I feel like my life has once again become a countdown of time: three months until graduation, four months until I return to Johannesburg, six months until United Airlines will remind me to come back to Kansas City. Ten months until I am 23 and need to prove to myself that I have done something in this world, that the last year has not been a waste, and I have lived to my fullest potential.

Sometimes I get glimpses of what my parents and grandparents have been telling me for years: time goes by quicker than you think. When did I become 22? There are eight years until I am 30. Seriously. Think about that—it is equidistance from 14.  I still feel 14, okay not really… but at least 17. Not 22.

Several years ago I felt a similar perplexity at the loss of time and decided that I would do something remarkable with my life every year. At least that way I can look back on my life and say,

that was the year I ran my first marathon

that was the year I wrote a screenplay

that was the year I left everyone I knew in Portland and came to Missouri

that was the year I went to Johannesburg for five and a half months.

Some year I’ll be 81, looking back on my eightieth year that has just been a tiny fraction – a mere 1/80th-- of my lifetime. A millisecond.

That was the year I learned to knit because damnit, I’m 80.

It doesn’t matter the level of the accomplishment, but if it is remarkable to you in some way (like my aunt who started creating sculptures out of dryer lint) then do it.

If I keep track in this way, will it make my lifetime seem more quantifiable? I’m not sure.
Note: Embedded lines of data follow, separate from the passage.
text \<open>\<open>u t\<close> is \<open>g\<close> times the first and \<open>v t\<close> the second coordinate of the \<open>t\<close>-th
  gradient descent iterate on a dataset whose points \<open>(g, c)\<close>, \<open>(g, -1/2)\<close> and \<open>(g, 0)\<close>
  make up the fractions \<open>p\<close>, \<open>p\<close> and \<open>w\<close> of the data.\<close>

locale oscillating_gd =
  fixes g eta p w c :: real and u v :: "nat \<Rightarrow> real"
  assumes g_pos: "0 < g" and g_le: "g \<le> 1/6"
    and p_ge: "1/3 \<le> p" and w_nonneg: "0 \<le> w" and weights_sum: "2*p + w = 1"
    and c_eq: "c = 1/2 + 8*g^2"
    and eta_large: "24 \<le> eta*g^2"
    and exp_small: "exp (-(eta*g^2/12)) \<le> g^2/12"
    and u_0: "u 0 = 0" and v_0: "v 0 = 0"
    and u_Suc: "\<And>t. u (Suc t) = u t + eta*g^2 * (p * logistic_weight (u t + c * v t)
                   + p * logistic_weight (u t - v t / 2) + w * logistic_weight (u t))"
    and v_Suc: "\<And>t. v (Suc t) = v t + eta*p * (c * logistic_weight (u t + c * v t)
                   - logistic_weight (u t - v t / 2) / 2)"
begin

abbreviation "L \<equiv> eta*g^2/12"
abbreviation "eps \<equiv> exp (-L)"
abbreviation "horizon \<equiv> 1 + 1 / (59*g^2)"

lemma eps_pos: "0 < eps" by simp

lemma g_sq_le: "g^2 \<le> 1/36"
proof -
  have "g^2 \<le> (1/6)^2" using g_pos g_le by (intro power_mono) auto
  then show ?thesis by (simp add: power2_eq_square)
qed

lemma eta_pos: "0 < eta"
proof -
  have "0 < eta*g^2" using eta_large by linarith
  then show ?thesis using g_pos by (simp add: zero_less_mult_iff)
qed

lemma L_pos: "0 < L" using eta_pos g_pos by simp

lemma eta_p_pos: "0 < eta*p" using eta_pos p_ge by simp

lemma c_bounds: "1/2 \<le> c" "c \<le> 1"
  using c_eq g_sq_le by auto

lemma p_le: "p \<le> 1/2" and w_le: "w \<le> 1/3"
  using weights_sum w_nonneg p_ge by auto

definition v_center :: "nat \<Rightarrow> real" where
  "v_center t = eta*p * (4*g^2*real t - (if even t then 4*g^2 + 1/2 else 0))"

definition invariant :: "nat \<Rightarrow> bool" where
  "invariant t \<longleftrightarrow> L \<le> u t \<and> u t \<le> eta*g^2 * (p * real t + w/2 + real t * eps)
     \<and> \<bar>v t - v_center t\<bar> \<le> 2*eta*p * real t * eps"

lemma v_center_Suc:
  "v_center (Suc t) = v_center t + eta*p * (c * of_bool (even t) - of_bool (odd t) / 2)"
  unfolding v_center_def c_eq by (simp add: algebra_simps)

lemma invariant_one: "invariant 1"
proof -
  have u1: "u 1 = eta*g^2 * (p + w/2)" using u_Suc[of 0] by (simp add: u_0 v_0 algebra_simps)
  have v1: "v 1 = v_center 1" using v_Suc[of 0] by (simp add: u_0 v_0 c_eq v_center_def algebra_simps)
  have "eta*g^2 * (1/12) \<le> eta*g^2 * (p + w/2)"
    using eta_pos g_pos p_ge w_nonneg by (intro mult_left_mono) auto
  moreover have "eta*g^2 * (p + w/2) \<le> eta*g^2 * (p + w/2 + eps)"
    using eta_pos g_pos by (intro mult_left_mono) auto
  moreover have "0 \<le> 2*eta*p*eps" using eta_pos p_ge by simp
  ultimately show ?thesis unfolding invariant_def u1 v1 by simp
qed

lemma horizon_bounds:
  assumes "1 \<le> t" and "real t \<le> horizon"
  shows "g^2 * (real t - 1) \<le> 1/59" and "real t * eps \<le> 1/200"
proof -
  have "g^2 * (real t - 1) \<le> g^2 * (1 / (59*g^2))"
    using assms g_pos by (intro mult_left_mono) auto
  then show q: "g^2 * (real t - 1) \<le> 1/59" using g_pos by simp
  have "real t * eps \<le> real t * (g^2/12)" using exp_small by (intro mult_left_mono) auto
  also have "\<dots> = (g^2 * (real t - 1) + g^2) / 12" by (simp add: field_simps)
  also have "\<dots> \<le> 1/200" using q g_sq_le by simp
  finally show "real t * eps \<le> 1/200" .
qed

lemma margins_odd:
  assumes inv: "invariant t" and "1 \<le> t" and "odd t"
  shows "L \<le> u t + c * v t" and "u t - v t / 2 \<le> -L"
proof -
  define r where "r = real t"
  have r: "1 \<le> r" using assms r_def by simp
  have u: "L \<le> u t" "u t \<le> eta*g^2 * (p*r + w/2 + r*eps)"
    using inv unfolding invariant_def r_def by auto
  have v: "eta*p * (4*g^2*r) - 2*eta*p*r*eps \<le> v t"
    using inv \<open>odd t\<close> unfolding invariant_def v_center_def r_def by (auto simp: abs_le_iff)
  have "1 \<le> 3*p*r" using mult_mono[of 1 "3*p" 1 r] p_ge r by simp
  then have "eta*g^2 * 1 \<le> eta*g^2 * (3*p*r)"
    using eta_pos by (intro mult_left_mono) auto
  also have "\<dots> = eta*p*r * (3*g^2)" by (simp add: algebra_simps)
  also have "\<dots> \<le> eta*p*r * (4*g^2 - 2*eps)"
  proof (rule mult_left_mono)
    show "3*g^2 \<le> 4*g^2 - 2*eps" using exp_small eps_pos by linarith
  qed (use eta_pos p_ge r in simp)
  finally have "eta*g^2 \<le> v t" using v by (simp add: algebra_simps)
  then have "eta*g^2/2 \<le> c * v t"
    using mult_mono[OF c_bounds(1), of "eta*g^2" "v t"] c_bounds eta_pos by simp
  then show "L \<le> u t + c * v t" using u L_pos by linarith
  have "u t - v t / 2 \<le> eta*g^2 * (w/2 - p*r) + (eta*r) * (eps * (g^2 + p))"
    using u v by (simp add: algebra_simps)
  also have "\<dots> \<le> eta*g^2 * (-r/6) + (eta*r) * (g^2/12)"
  proof (rule add_mono)
    have "r/3 \<le> p*r" using mult_right_mono[OF p_ge, of r] r by simp
    then have "w/2 - p*r \<le> -r/6" using w_le r by linarith
    then show "eta*g^2 * (w/2 - p*r) \<le> eta*g^2 * (-r/6)" using eta_pos by (intro mult_left_mono) auto
    have "eps * (g^2 + p) \<le> eps" by (rule mult_left_le) (use p_le g_sq_le in auto)
    then have "eps * (g^2 + p) \<le> g^2/12" using exp_small by linarith
    then show "(eta*r) * (eps * (g^2 + p)) \<le> (eta*r) * (g^2/12)"
      using eta_pos r by (intro mult_left_mono) auto
  qed
  also have "\<dots> \<le> -L" using r eta_pos g_pos by (simp add: field_simps)
  finally show "u t - v t / 2 \<le> -L" .
qed

lemma v_upper_even:
  assumes inv: "invariant t" and "1 \<le> t" and "even t" and "real t \<le> horizon"
  shows "v t \<le> -(2/5) * eta*p"
proof -
  have "v t \<le> eta*p * (4 * (g^2 * (real t - 1)) - 1/2 + 2 * (real t * eps))"
    using inv \<open>even t\<close> unfolding invariant_def v_center_def by (auto simp: abs_le_iff algebra_simps)
  also have "\<dots> \<le> eta*p * (-2/5)"
    using horizon_bounds[OF \<open>1 \<le> t\<close> \<open>real t \<le> horizon\<close>] eta_pos p_ge by (intro mult_left_mono) auto
  finally show ?thesis by simp
qed

lemma u_upper_even:
  assumes inv: "invariant t" and "1 \<le> t" and "real t \<le> horizon"
  shows "u t \<le> eta*p/10"
proof -
  note q = horizon_bounds[OF \<open>1 \<le> t\<close> \<open>real t \<le> horizon\<close>]
  have "u t \<le> eta * (p * (g^2 * (real t - 1) + g^2) + g^2 * w / 2 + g^2 * (real t * eps))"
    using inv unfolding invariant_def by (simp add: algebra_simps)
  also have "\<dots> \<le> eta * (p/10)"
  proof (rule mult_left_mono)
    have "p * (g^2 * (real t - 1) + g^2) \<le> p * (1/20)" using q g_sq_le p_ge by (intro mult_left_mono) auto
    moreover have "g^2 * w \<le> 1/36 * p" using g_sq_le w_le p_ge w_nonneg by (intro mult_mono) auto
    moreover have "g^2 * (real t * eps) \<le> 1/36 * (1/200)"
      using g_sq_le q(2) eps_pos \<open>1 \<le> t\<close> by (intro mult_mono) auto
    ultimately show "p * (g^2 * (real t - 1) + g^2) + g^2 * w / 2 + g^2 * (real t * eps) \<le> p/10"
      using p_ge by linarith
  qed (use eta_pos in simp)
  finally show ?thesis by simp
qed

lemma margins_even:
  assumes inv: "invariant t" and "1 \<le> t" and "even t" and "real t \<le> horizon"
  shows "u t + c * v t \<le> -L" and "L \<le> u t - v t / 2"
proof -
  have v: "v t \<le> -(2/5) * eta*p" using v_upper_even assms by blast
  have u: "L \<le> u t" "u t \<le> eta*p/10" using inv u_upper_even assms unfolding invariant_def by auto
  have "eta*g^2 \<le> eta*(1/36)" "eta*(1/3) \<le> eta*p"
    using g_sq_le p_ge eta_pos by (intro mult_left_mono; simp)+
  then have "L \<le> eta*p/10" using eta_pos by linarith
  moreover have "v t \<le> 0" using v eta_p_pos by linarith
  moreover from this have "c * v t \<le> v t / 2"
    using mult_right_mono_neg[OF c_bounds(1), of "v t"] by simp
  ultimately show "u t + c * v t \<le> -L" and "L \<le> u t - v t / 2" using u v by linarith+
qed

lemma weights_saturated:
  assumes "invariant t" and "1 \<le> t" and "real t \<le> horizon"
  shows "\<bar>logistic_weight (u t + c * v t) - of_bool (even t)\<bar> \<le> eps
       \<and> \<bar>logistic_weight (u t - v t / 2) - of_bool (odd t)\<bar> \<le> eps"
proof (cases "even t")
  case True
  then show ?thesis using margins_even[OF assms(1,2) True assms(3)]
    by (simp add: abs_logistic_weight_le_exp abs_logistic_weight_sub_one_le_exp)
next
  case False
  then show ?thesis using margins_odd[OF assms(1,2)]
    by (simp add: abs_logistic_weight_le_exp abs_logistic_weight_sub_one_le_exp)
qed

lemma u_Suc_bounds:
  assumes inv: "invariant t" and "1 \<le> t" and "real t \<le> horizon"
  shows "L \<le> u (Suc t) \<and> u (Suc t) \<le> eta*g^2 * (p * real (Suc t) + w/2 + real (Suc t) * eps)"
proof -
  define a where "a = logistic_weight (u t + c * v t)"
  define b where "b = logistic_weight (u t - v t / 2)"
  define e where "e = logistic_weight (u t)"
  have "a + b \<le> 1 + 2*eps"
    using weights_saturated[OF assms] unfolding a_def b_def by (cases "even t") (auto simp: abs_le_iff)
  then have "p * (a + b) \<le> p * (1 + 2*eps)" using p_ge by (intro mult_left_mono) auto
  moreover have "L \<le> u t" using inv unfolding invariant_def by simp
  then have e: "0 \<le> e" "e \<le> eps"
    unfolding e_def by (auto intro: logistic_weight_nonneg logistic_weight_le_exp)
  then have "w * e \<le> w * eps" using w_nonneg by (intro mult_left_mono)
  ultimately have "p*a + p*b + w*e \<le> p + (2*p + w) * eps" by (simp add: algebra_simps)
  then have "p*a + p*b + w*e \<le> p + eps" using weights_sum by simp
  then have "eta*g^2 * (p*a + p*b + w*e) \<le> eta*g^2 * (p + eps)"
    using eta_pos by (intro mult_left_mono) auto
  moreover have "0 \<le> eta*g^2 * (p*a + p*b + w*e)"
    using eta_pos p_ge w_nonneg e unfolding a_def b_def by (simp add: logistic_weight_nonneg)
  moreover have "u (Suc t) = u t + eta*g^2 * (p*a + p*b + w*e)"
    unfolding u_Suc a_def b_def e_def ..
  ultimately show ?thesis using inv unfolding invariant_def by (auto simp: algebra_simps)
qed

lemma v_Suc_near_center:
  assumes inv: "invariant t" and "1 \<le> t" and "real t \<le> horizon"
  shows "\<bar>v (Suc t) - v_center (Suc t)\<bar> \<le> 2*eta*p * real (Suc t) * eps"
proof -
  define a where "a = logistic_weight (u t + c * v t) - of_bool (even t)"
  define b where "b = logistic_weight (u t - v t / 2) - of_bool (odd t)"
  have a: "\<bar>a\<bar> \<le> eps" and b: "\<bar>b\<bar> \<le> eps"
    using weights_saturated[OF assms] unfolding a_def b_def by auto
  have "\<bar>c * a\<bar> \<le> 1 * eps" unfolding abs_mult using a c_bounds by (intro mult_mono) auto
  moreover have "\<bar>b / 2\<bar> \<le> eps/2" using b by simp
  ultimately have "\<bar>c * a\<bar> + \<bar>b / 2\<bar> \<le> 2*eps" using eps_pos by linarith
  then have D: "\<bar>c * a - b / 2\<bar> \<le> 2*eps" using abs_triangle_ineq4 order_trans by blast
  have "v (Suc t) - v_center (Suc t) = (v t - v_center t) + eta*p * (c * a - b / 2)"
    unfolding v_Suc v_center_Suc a_def b_def by (simp add: field_simps)
  then have "\<bar>v (Suc t) - v_center (Suc t)\<bar> \<le> \<bar>v t - v_center t\<bar> + eta*p * \<bar>c * a - b / 2\<bar>"
    using abs_triangle_ineq abs_mult_pos'[of "eta*p"] eta_p_pos by simp
  also have "\<dots> \<le> 2*eta*p * real t * eps + eta*p * (2*eps)"
    using inv D eta_p_pos unfolding invariant_def by (intro add_mono mult_left_mono) auto
  also have "\<dots> = 2*eta*p * real (Suc t) * eps" by (simp add: algebra_simps)
  finally show ?thesis .
qed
Maybe it makes the countdown less maddening.

I talked to my brother last night, trying to get the cliff notes on how to approach graduation and the daunting task of deciding your life. He told me the simplest thing, that of course I knew along, and we all know all along, but just lose sight of: it is the journey that counts, not the destination.

I am going back to Johannesburg for the World Cup in hopes of jumpstarting an international reporting career. Will it work? I have no idea. Am I terrified? Absolutely. Yes my 22nd year can always be “the year that I graduate,” but for me I know that my remarkable thing must be more than that. Graduation, for many of us, has become a given. Where you direct your life after that is the challenge. So let yourself be remarkable.